The plane encountered turbulence over the Irrawaddy Basin in Myanmar. Data on Flight Radar 24, a website that compiles public information about flights, said it dropped from 37,000 feet to 31,000 in a few minutes but some media reports had erroneously reported the pilots’ initial descent toward Bangkok as the turbulence event. “While the aircraft may have continued to experience turbulence during that descent, it was a standard descent to a new flight level controlled by altitude selection in the aircraft’s autopilot,” it noted.


It’s unclear what caused the episode. Satellite data showed a strong storm beginning to form and bubble into higher elevations, suggesting the atmosphere in the region was becoming unstable. The plane was also moving toward other storms developing nearby.

How rare are casualties?

On international scheduled flights, fatalities directly caused by turbulence are rare. Pilots are usually able to give advance warning of most types of turbulence and ensure all on board are strapped in – the most important advice in minimising risk.

On smaller private planes or business jets, serious injuries or deaths have been more frequent, with the US National Transport Safety Board recording more than 100 injuries and dozens of deaths in just over a decade on domestic flights, though fatalities mostly occurred when turbulence caused planes to crash. On bigger planes, turbulence presents risks of head or other injuries to people who could be thrown around the cabin if not strapped in, or they could be struck by flying debris.

What is turbulence?

This phenomenon is caused by the meeting of air at different temperatures, pressure or velocity, where different wind patterns collide – not unlike boats suddenly encountering choppy waters.

While some weather and geographical conditions – such as thunderstorms, mountain ranges and appearance of certain clouds – can signal turbulence ahead, there is also “clear-air turbulence” at high altitudes, which can take pilots by surprise, occurring without warning.

Forecasts showing incoming weather fronts or air flow over mountains could demonstrate a higher probability of clear-air turbulence. “But you can’t see it,” Stuart Fox, director of flight and technical operations at global airline body the International Air Transport Association (IATA), told the Guardian. “Airflow strength and direction can change rapidly, and the forecasts can only indicate the likelihood.” Such wind shears can knock aircraft off course and cause them to lose altitude quickly or lurch violently.

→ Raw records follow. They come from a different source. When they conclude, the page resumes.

lemma pending_at_deadline_order:
  assumes k: "k \<in> pending_at t" and k': "k' \<in> pending_at t" and less: "pos_at t k < pos_at t k'"
  shows "q k < q k'"
proof (rule ccontr)
  assume "\<not> q k < q k'"
  moreover have "q k \<noteq> q k'"
  proof
    assume "q k = q k'"
    then have "k = k'"
      using inj_on_deadlines pending_at_before_deadline[OF k] pending_at_before_deadline[OF k']
      by (auto dest: inj_onD)
    then show False using less by simp
  qed
  ultimately have "q k' < q k" by linarith
  then have "k \<notin> snd (after (q k'))"
    using pending_at_earlier_deadline(1)[OF k' k] by blast
  then have "pos (fst (after (q k'))) (e k') = pos_at t k'"
    using pos_after_unchanged[OF k] pending_at_before_deadline[OF k'] less by simp
  then have "pos_at t k' = 1"
    using moved_to_front_at_deadline pending_at_before_deadline[OF k'] by simp
  then show False using less pos_at_bounds[OF k] by simp
qed

lemma pending_at_pos_doubling:
  assumes k: "k \<in> pending_at t" and k': "k' \<in> pending_at t" and less: "pos_at t k < pos_at t k'"
  shows "2 * pos_at t k \<le> pos_at t k'"
proof -
  let ?st = "before (q k)"
  have "k < m" "t < q k" using pending_at_before_deadline[OF k] by auto
  have unserved: "k \<notin> snd ?st" by (rule unserved_before_deadline[OF \<open>k < m\<close>])
  have "pos (fst ?st) (e k) = pos_at t k" "pos (fst ?st) (e k') = pos_at t k'"
    using pos_before_unchanged[OF k \<open>t < q k\<close> unserved] less by auto
  moreover have "length (fst ?st) = length L0"
    using valid_before distinct_L0 by (metis valid_state_def distinct_card)
  moreover have "min (2 * trig_pos e a q m ?st (q k) - 1) (length (fst ?st)) < pos (fst ?st) (e k')"
  proof (rule step_unserved_pos)
    show "due a q m (snd ?st) (q k) \<noteq> {}" using due_at_deadline[OF \<open>k < m\<close>] by blast
    show "k' \<in> pending a m (snd ?st) (q k)" "k' \<notin> snd (step (q k) ?st)"
      using pending_at_earlier_deadline[OF k k' pending_at_deadline_order[OF assms]]
        after_deadline[of "q k"] \<open>k < m\<close> by auto
  qed
  ultimately show ?thesis
    using trig_pos_at_deadline[OF \<open>k < m\<close>] pos_at_bounds[OF k] pos_at_bounds[OF k'] by auto
qed

lemma card_pending_at_le_log: "real (card (pending_at t)) \<le> log 2 (real (length L0)) + 1"
proof -
  have "real (card (pos_at t ` pending_at t)) \<le> log 2 (real (length L0)) + 1"
    using pos_at_bounds pending_at_pos_doubling
    by (intro card_le_log_if_doubling) (auto simp: pending_def)
  then show ?thesis by (simp add: card_image[OF inj_on_pos_at])
qed

end

theorem mainTheorem6:
  fixes L0 :: "'a list" and n m :: nat
    and e :: "nat \<Rightarrow> 'a" and a q :: "nat \<Rightarrow> real"
    and ch :: "real \<Rightarrow> nat set \<Rightarrow> nat" and t :: real
  assumes "distinct L0" and "length L0 = n"
    and "\<forall>k<m. e k \<in> set L0 \<and> a k \<le> q k"
    and "\<forall>tau S. S \<noteq> {} \<longrightarrow> ch tau S \<in> S"
    and "\<forall>k<m. k \<in> triggering e a q m L0 ch"
  shows "let L = fst (state_after e a q m L0 t);
             R = pending a m (snd (state_after e a q m L0 t)) t;
             x = (\<lambda>k. pos L (e k))
         in inj_on x R
            \<and> (\<forall>k\<in>R. \<forall>k'\<in>R. x k < x k' \<and> \<not> (\<exists>k''\<in>R. x k < x k'' \<and> x k'' < x k')
                  \<longrightarrow> q k \<le> q k' \<and> 2 * x k \<le> x k')
            \<and> real (card R) \<le> log 2 (real n) + 1"
proof -
  interpret all_requests_triggering e a q m L0 ch
    using assms by unfold_locales auto
  show ?thesis
    unfolding Let_def
    using inj_on_pos_at card_pending_at_le_log pending_at_deadline_order pending_at_pos_doubling
      \<open>length L0 = n\<close> by (auto intro: less_imp_le)
qed

end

Pilots can be guided by reports from aircraft ahead that they could be flying into the same turbulence. Certain parts of the world are known to present higher risk. The Singapore Airlines incident took place within the intertropical convergence zone, where thunderstorms are notorious. Thunderstorms are prominently displayed on navigation displays – but it may not be possible to circumvent a storm cluster, as such clusters can stretch beyond 50 nautical miles.

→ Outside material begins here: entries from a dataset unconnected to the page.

(* Let $W \in \mathbb{R}^{m \times D}$, let $k$ be a nonnegative integer with $k < D$ and $k < m$, and let $\mathbf{1} \in \mathbb{R}^D$ be the all-ones vector. Consider the function $$f(w_c, W_s, \Gamma) = \left\| W - w_c \mathbf{1}^{\top} - W_s \Gamma^{\top} \right\|_F^2$$ over all $w_c \in \mathbb{R}^m$, $W_s \in \mathbb{R}^{m \times k}$, $\Gamma \in \mathbb{R}^{D \times k}$ subject to the constraint $w_c \perp \mathrm{Span}(W_s)$ (the column span of $W_s$). Define: (1) $w_c := \frac{1}{D} W \mathbf{1}$; (2) $W_s := U_k \Sigma_k$ and $\Gamma := V_k$, where $U_k \Sigma_k V_k^{\top}$ is a top-$k$ truncated singular value decomposition of $W - w_c \mathbf{1}^{\top}$; (3) $M := w_c \mathbf{1}^{\top} + W_s \Gamma^{\top} \in \mathbb{R}^{m \times D}$, $v := (M^{+})^{\top} \mathbf{1} \in \mathbb{R}^m$ (where $M^+$ is the Moore–Penrose pseudoinverse of $M$), and $w_c^{\mathrm{new}} := v / \|v\|^2$; (4) $W_s^{\mathrm{new}} \in \mathbb{R}^{m\times k}$, $\Gamma^{\mathrm{new}} \in \mathbb{R}^{D \times k}$ any factorization with $W_s^{\mathrm{new}} (\Gamma^{\mathrm{new}})^{\top} = M - w_c^{\mathrm{new}} \mathbf{1}^{\top}$. Assume $M$ has rank $k+1$ (so that $v \neq 0$ and step (3) is well defined). Then $w_c^{\mathrm{new}} \perp \mathrm{Span}(W_s^{\mathrm{new}})$, and $(w_c^{\mathrm{new}}, W_s^{\mathrm{new}}, \Gamma^{\mathrm{new}})$ is a minimizer of $f$ subject to the constraint $w_c \perp \mathrm{Span}(W_s)$; that is, the minimum of $f$ over the constraint set is attained and equals $\|W - M\|_F^2$.
   Context: $\|\cdot\|_F$ denotes the Frobenius norm. A top-$k$ truncated SVD of a matrix $A$ with SVD $A = U\Sigma V^{\top}$ (singular values in non-increasing order) is $U_k\Sigma_k V_k^{\top}$, where $U_k, V_k$ consist of the first $k$ columns of $U, V$ and $\Sigma_k$ is the leading $k\times k$ block of $\Sigma$. *)

theory Defs
  imports "Jordan_Normal_Form.DL_Rank"
begin

definition frob_sq :: "real mat \<Rightarrow> real" where
  "frob_sq A = (\<Sum>i<dim_row A. \<Sum>j<dim_col A. (A $$ (i,j))^2)"

definition ones_vec :: "nat \<Rightarrow> real vec" where
  "ones_vec n = vec n (\<lambda>_. 1)"

definition outer :: "real vec \<Rightarrow> real vec \<Rightarrow> real mat" where
  "outer u v = mat (dim_vec u) (dim_vec v) (\<lambda>(i,j). u $ i * v $ j)"

definition col_span :: "real mat \<Rightarrow> real vec set" where
  "col_span A = {A *\<^sub>v y | y. y \<in> carrier_vec (dim_col A)}"

definition orth_to_span :: "real vec \<Rightarrow> real mat \<Rightarrow> bool" where
  "orth_to_span w A \<longleftrightarrow> (\<forall>x \<in> col_span A. w \<bullet> x = 0)"

definition orthogonal_sq :: "nat \<Rightarrow> real mat \<Rightarrow> bool" where
  "orthogonal_sq n Q \<longleftrightarrow> Q \<in> carrier_mat n n \<and> transpose_mat Q * Q = 1\<^sub>m n"

definition is_svd :: "real mat \<Rightarrow> real mat \<Rightarrow> real mat \<Rightarrow> real mat \<Rightarrow> bool" where
  "is_svd A U S V \<longleftrightarrow>
     orthogonal_sq (dim_row A) U \<and> orthogonal_sq (dim_col A) V \<and>
     S \<in> carrier_mat (dim_row A) (dim_col A) \<and>
     (\<forall>i<dim_row A. \<forall>j<dim_col A. i \<noteq> j \<longrightarrow> S $$ (i,j) = 0) \<and>
     (\<forall>i<min (dim_row A) (dim_col A). S $$ (i,i) \<ge> 0) \<and>
     (\<forall>i j. i \<le> j \<longrightarrow> j < min (dim_row A) (dim_col A) \<longrightarrow> S $$ (j,j) \<le> S $$ (i,i)) \<and>
     A = U * S * transpose_mat V"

Is climate disruption making turbulence worse?

There is evidence that turbulence is worsening with climate change, as CO² emissions affect air currents. Weather patterns are more disturbed with a warmer atmosphere. Scientists at Reading University have concluded that higher temperatures were increasing levels of turbulence encountered on transatlantic flights. Incidents of severe turbulence increased by 55 per cent between 1979 and 2020, owing to changes in wind velocity at high altitudes.

Researcher Prof Paul Williams said this showed predicted choppier skies had already arrived and the aviation industry needed to invest in better systems to forecast and detect turbulence.

Clear air turbulence, which occurs most frequently at high altitudes and in winter, could triple by the end of the century, he suggested, while other types of turbulence were increasing at all flight altitudes.

While allowance has always to be made for the ferociousness of natural weather, his research suggests we could encounter bumpier flights in coming years, with all the risks that brings for passengers and crews.

Story updated on May 24th to include Flight Radar 24 explanation on the aircraft’s “standard descent” to a new flight level.